The Arduino physical computing platform is based on an ATmega328 microcontroller (ATmega168 or ATmega8 in board versions older than the Diecimila). The ATmega1280 and ATmega2560, with more pinout and memory capabilities, have also been employed to develop the Arduino Mega platform. Arduino boards can be used with its language and IDE, or with more conventional programming environments (C, assembler, etc.) as just standardized and widely available AVR platforms.

USB-based AVRs have been used in the Microsoft Xbox hand controllers. The link between the controllers and Xbox is USB.

Numerous companies produce AVR-based microcontroller boards intended for use by hobbyists, robot builders, experimenters and small system developers including: Cubloc, gnusb, BasicX, Oak Micros, ZX Microcontrollers, and myAVR. There is also a large community of Arduino-compatible boards supporting similar users.

Schneider Electric used to produce the M3000 Motor and Motion Control Chip, incorporating an Atmel AVR Core and an advanced motion controller for use in a variety of motion applications but this has been discontinued.

== FPGA clones ==
With the growing popularity of FPGAs among the open source community, people have started developing open source processors compatible with the AVR instruction set. The OpenCores website lists the following major AVR clone projects:

- pAVR, written in VHDL, is aimed at creating the fastest and maximally featured AVR processor, by implementing techniques not found in the original AVR processor such as deeper pipelining.
- avr_core, written in VHDL, is a clone aimed at being as close as possible to the ATmega103.
- Navré, written in Verilog, implements all Classic Core instructions and is aimed at high performance and low resource usage. It does not support interrupts.
- softavrcore, written in Verilog, implements the AVR instruction set up to AVR5, supports interrupts along with optional automatic interrupt acknowledgement, power saving via sleep mode plus some peripheral interfaces and hardware accelerators (such as UART, SPI, cyclic redundancy check calculation unit and system timers). These peripherals demonstrate how these could be attached to and configured for this core. Within the package, a full-featured FreeRTOS port is also available as an example for the core + peripheral utilization.
- The opencores project CPU lecture written in VHDL by Dr.
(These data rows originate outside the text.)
lemma euler_shift_dvd: "Mq q j dvd euler_shift q m j \<and> Nq q j dvd euler_shift q m j * Nq q m"
proof (cases "j \<le> m")
  case True
  then show ?thesis
    by (simp add: euler_shift_def Mq_dvd_Mq Nq_dvd_Nq)
next
  case False
  then have mj: "m \<le> j"
    by simp
  define P where "P = (\<Prod>i\<in>{m<..j}. int (q i) ^ 2)"
  define T where "T = totient (nat (Nq q m))"
  have PT: "P dvd P ^ T"
    using totient_Nq_pos by (simp add: T_def)
  have "(\<Prod>i\<in>{m<..j}. int (q i)) dvd P"
    unfolding P_def by (rule prod_dvd_prod) simp
  then have "Mq q m * (\<Prod>i\<in>{m<..j}. int (q i)) dvd Mq q m * P ^ T"
    using PT by (intro mult_dvd_mono) (auto intro: dvd_trans)
  moreover have "Nq q m * P dvd Mq q m * P ^ T * Nq q m"
    using PT by (simp add: mult_dvd_mono dvd_mult2 mult.commute mult.left_commute)
  ultimately show ?thesis
    using mj by (simp add: euler_shift_def Mq_split Nq_split P_def T_def)
qed

lemma not_Nq_Suc_dvd: "\<not> Nq q (Suc k) dvd Mq q (Suc k) * Nq q k"
proof
  let ?Q = "int (q (Suc k))"
  assume "Nq q (Suc k) dvd Mq q (Suc k) * Nq q k"
  then have "(Nq q k * ?Q) * ?Q dvd (Nq q k * ?Q) * Mq q k"
    by (simp add: Nq_eq_Mq_square Mq_Suc power2_eq_square mult_ac)
  then have "?Q dvd Mq q k"
    using Nq_pos[of q k, OF prime_q] prime_gt_0_nat[OF prime_q, of "Suc k"] by simp
  then have "q (Suc k) dvd (\<Prod>i\<le>k. q i)"
    by (simp add: Mq_def flip: of_nat_prod)
  then show False
    using dvd_prod_inj_primes_iff[OF inj_q prime_q, of "{..k}"] by simp
qed

lemma level_shift_moves_orbit_point:
  "level_shift (euler_shift q (Suc k)) (orbit_point q (0, Nq q k, 0)) (Suc k) \<noteq>
     orbit_point q (0, Nq q k, 0) (Suc k)"
proof -
  have "hmult (Mq q (Suc k), 0, 0) (0, Nq q k, 0) <#\<^bsub>heisG\<^esub> Gam q (Suc k) \<noteq>
      hmult (0, 0, 0) (0, Nq q k, 0) <#\<^bsub>heisG\<^esub> Gam q (Suc k)"
    unfolding Gam_eq_heis_lattice l_coset_shift_eq_iff
    using not_Nq_Suc_dvd[of k] by (simp add: dvd_diff_commute)
  then show ?thesis
    by (simp add: level_shift_def orbit_point_def euler_shift_self heis.lcos_m_assoc)
qed

lemma wild_Heisenberg_chain: "wild q"
  unfolding wild_def locally_quasi_analytic_def
proof
  assume "\<exists>\<epsilon>>0. \<forall>U V. openin (Xtop q) U \<and> U \<noteq> {} \<and> xdiam U < \<epsilon> \<and> openin (Xtop q) V \<and> V \<noteq> {} \<and> V \<subseteq> U \<longrightarrow>
    (\<forall>g1\<in>enveloping q. \<forall>g2\<in>enveloping q. (\<forall>x\<in>V. g1 x = g2 x) \<longrightarrow> (\<forall>x\<in>U. g1 x = g2 x))"
  then obtain \<epsilon> where "\<epsilon> > 0" and lqa: "\<forall>U V. openin (Xtop q) U \<and> U \<noteq> {} \<and> xdiam U < \<epsilon> \<and>
      openin (Xtop q) V \<and> V \<noteq> {} \<and> V \<subseteq> U \<longrightarrow>
      (\<forall>g1\<in>enveloping q. \<forall>g2\<in>enveloping q. (\<forall>x\<in>V. g1 x = g2 x) \<longrightarrow> (\<forall>x\<in>U. g1 x = g2 x))"
    by (elim exE conjE)
  obtain k where k: "(1/2::real) ^ k < \<epsilon>"
    using real_arch_pow_inv[OF \<open>\<epsilon> > 0\<close>, of "1/2"] by auto
  define U where "U = {x \<in> Xinf q. x k = Gam q k}"
  define V where "V = {x \<in> Xinf q. x (Suc k) = Gam q (Suc k)}"
  define A where "A = euler_shift q (Suc k)"
  have open_UV: "openin (Xtop q) U" "openin (Xtop q) V"
    unfolding U_def V_def by (simp_all add: openin_Xtop_cylinder Gam_in_cosets)
  have "Gam q \<in> V"
    by (simp add: V_def Gam_in_Xinf)
  moreover have "V \<subseteq> U"
    unfolding U_def V_def by (rule Gam_cylinder_antimono) simp
  moreover have "xdiam U < \<epsilon>"
    using xdiam_cylinder_le[OF Gam_in_cosets, of q k] k \<open>\<epsilon> > 0\<close> by (simp add: U_def)
  moreover have "level_shift (\<lambda>_. 0) \<in> enveloping q" "level_shift A \<in> enveloping q"
    using level_shift_in_enveloping shift_compatible_euler_shift
    by (simp_all add: A_def shift_compatible_def)
  moreover have "\<forall>x\<in>V. level_shift (\<lambda>_. 0) x = level_shift A x"
    using level_shift_fixes[OF _ _ euler_shift_dvd] by (simp add: V_def A_def)
  ultimately have "\<forall>x\<in>U. level_shift (\<lambda>_. 0) x = level_shift A x"
    using lqa open_UV by blast
  moreover have "orbit_point q (0, Nq q k, 0) \<in> U"
    by (simp add: U_def orbit_point_in_Xinf orbit_point_Nq)
  ultimately show False
    using level_shift_moves_orbit_point[of k] by (simp add: A_def)
qed

end

theorem mainTheorem9:
  fixes q :: "nat \<Rightarrow> nat"
  assumes "inj q" and "\<forall>i. prime (q i)"
  shows "(\<forall>k. subgroup (Gam q k) heisG \<and> finite (cosets q k) \<and> Gam q (Suc k) \<subseteq> Gam q k)
    \<and> topologically_free (Xtop q) (range Phi)
    \<and> wild q
    \<and> prime_spectrum q = range q
    \<and> (\<forall>i. steinitz_chi q (q i) < \<infinity>)"
proof -
  have prime_q: "\<And>i. prime (q i)"
    using assms(2) by blast
  have "Gam q (Suc k) \<subseteq> Gam q k" for k
    by (rule Gam_antimono) simp
  moreover have "steinitz_chi q (q i) < \<infinity>" for i
    using steinitz_chi_eq_5[OF prime_q assms(1)] by simp
  ultimately show ?thesis
    using subgroup_Gam finite_cosets[of q, OF prime_q] topologically_free_Phi[of q, OF prime_q]
      wild_Heisenberg_chain[OF assms(1) prime_q] prime_spectrum_eq[OF prime_q assms(1)]
    by blast
qed

end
Jürgen Sauermann explains in detail how to design a complete AVR-based system on a chip (SoC).

== Other vendors ==
In addition to the chips manufactured by Atmel, clones are available from LogicGreen Technologies. These parts are not exact clones – they have a few features not found in the chips they are "clones" of, and higher maximum clock speeds, but use SWD (Serial Wire Debug, a variant of JTAG from ARM) instead of ISP for programming, so different programming tools must be used.

Microcontrollers using the ATmega architecture are being manufactured by NIIET in Voronezh, Russia, as part of the 1887 series of integrated circuits. This includes an ATmega128 under the designation 1887VE7T (1887ВЕ7Т).